Now when Milly is out walking with me, she stays close to my side, as if she might be afraid of getting lost. She moves around the house much more slowly, too. When she stands, stiffly, it is on little legs that Mike has observed are arthritic. We have been adding glucosamine powder to her food, and that has helped.

But we are trying to prepare ourselves for the inevitable, while holding onto a brave denial scenario: after all, she still likes her food, she still snaps at strangers, she still… and so on.

Like most people, I had thought that ‘dog years’ to human years were a simple seven-to-one. But that is incorrect. The right formula, from those who study these things, is: 10.5 dog years per human year for the first 2 years, then 4 dog years per human year for each year after. It makes much more sense.

By that way of counting Milly, who is 14 — is, if she were human, 69. My age.

No wonder I am watching with a certain fascination the gradual setting of her glorious sun. No wonder I am attentive to and curious about each new sign of senility in her.

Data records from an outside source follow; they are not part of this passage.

lemma walks_within_2N: "\<forall>v\<in>V. \<forall>w\<in>V. (v,w) \<in> (Id_on V \<union> {(a,b). E a b})^^(2*N - 1)"
proof (intro ballI)
  fix v w assume v: "v \<in> V" and w: "w \<in> V"
  define X where "X = Id_on V \<union> {(a,b). E a b}"
  have sub: "parent_rel V final_parent \<subseteq> X" using final_parent_edge
    by (auto simp: parent_rel_def X_def)
  obtain a where a: "final_level v = Suc a" using final_level_bounds[OF v]
    by (metis Suc_pred' less_eq_Suc_le One_nat_def)
  obtain b where b: "final_level w = Suc b" using final_level_bounds[OF w]
    by (metis Suc_pred' less_eq_Suc_le One_nat_def)
  have va: "(v, root) \<in> X^^a" using final_parent_to_root[OF v a] relpow_mono[OF sub] by blast
  have wb: "(w, root) \<in> X^^b" using final_parent_to_root[OF w b] relpow_mono[OF sub] by blast
  have symX: "\<forall>x y. (x,y) \<in> X \<longrightarrow> (y,x) \<in> X" using edge_in_V by (auto simp: X_def)
  have "(root, w) \<in> X^^b" using relpow_sym[OF symX wb] .
  then have "(v, w) \<in> X^^(a + b)" using va by (auto simp: relpow_add)
  moreover have "(w,w) \<in> X" using w unfolding X_def by blast
  ultimately have p: "(v, w) \<in> X^^(a + b + (2*N - 1 - (a + b)))" by (rule relpow_pad_loop)
  have "a + b \<le> 2*N - 1" using final_level_bounds[OF v] final_level_bounds[OF w] a b by simp
  then have eq: "a + b + (2*N - 1 - (a + b)) = 2*N - 1" by simp
  show "(v,w) \<in> (Id_on V \<union> {(a,b). E a b})^^(2*N - 1)" using p unfolding eq X_def .
qed

lemma depth_final: "q \<le> N \<Longrightarrow> v \<in> V \<Longrightarrow> depth (state (Suc (election_rounds N) + q * (2*N)) v) =
  min q final_depth"
proof (induction q)
  case 0 then show ?case using depth_before_count by simp
next
  case (Suc q)
  then have "depth (state (Suc (election_rounds N) + Suc q * (2*N)) v) =
    (if Suc q \<le> final_depth then Suc q else min q final_depth)"
    using depth_count_phase[of q v] walks_within_2N by simp
  then show ?case by simp
qed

And no wonder that I have been treating her with new respect, she who guarded the house for so many years, who bared her teeth when a stranger got too close to us, who warned us of approaching visitors, some of them unwanted. She deserves that respect now, living out the long autumn of her life alongside us.

No wonder, when I pass her, I look into her eyes, suddenly clouded with cataracts, and whisper, louder than before, ‘Good girl.’

 

NOTE: On October 4, 2012, Milly passed away peacefully in her sleep under the dining room table…dreaming, one hopes, of juicy bones and running through arroyos. Dreaming, also, of looking at us through clear, youthful eyes, seeking the loving approval that we, mere humans, tried as generously as we could to give.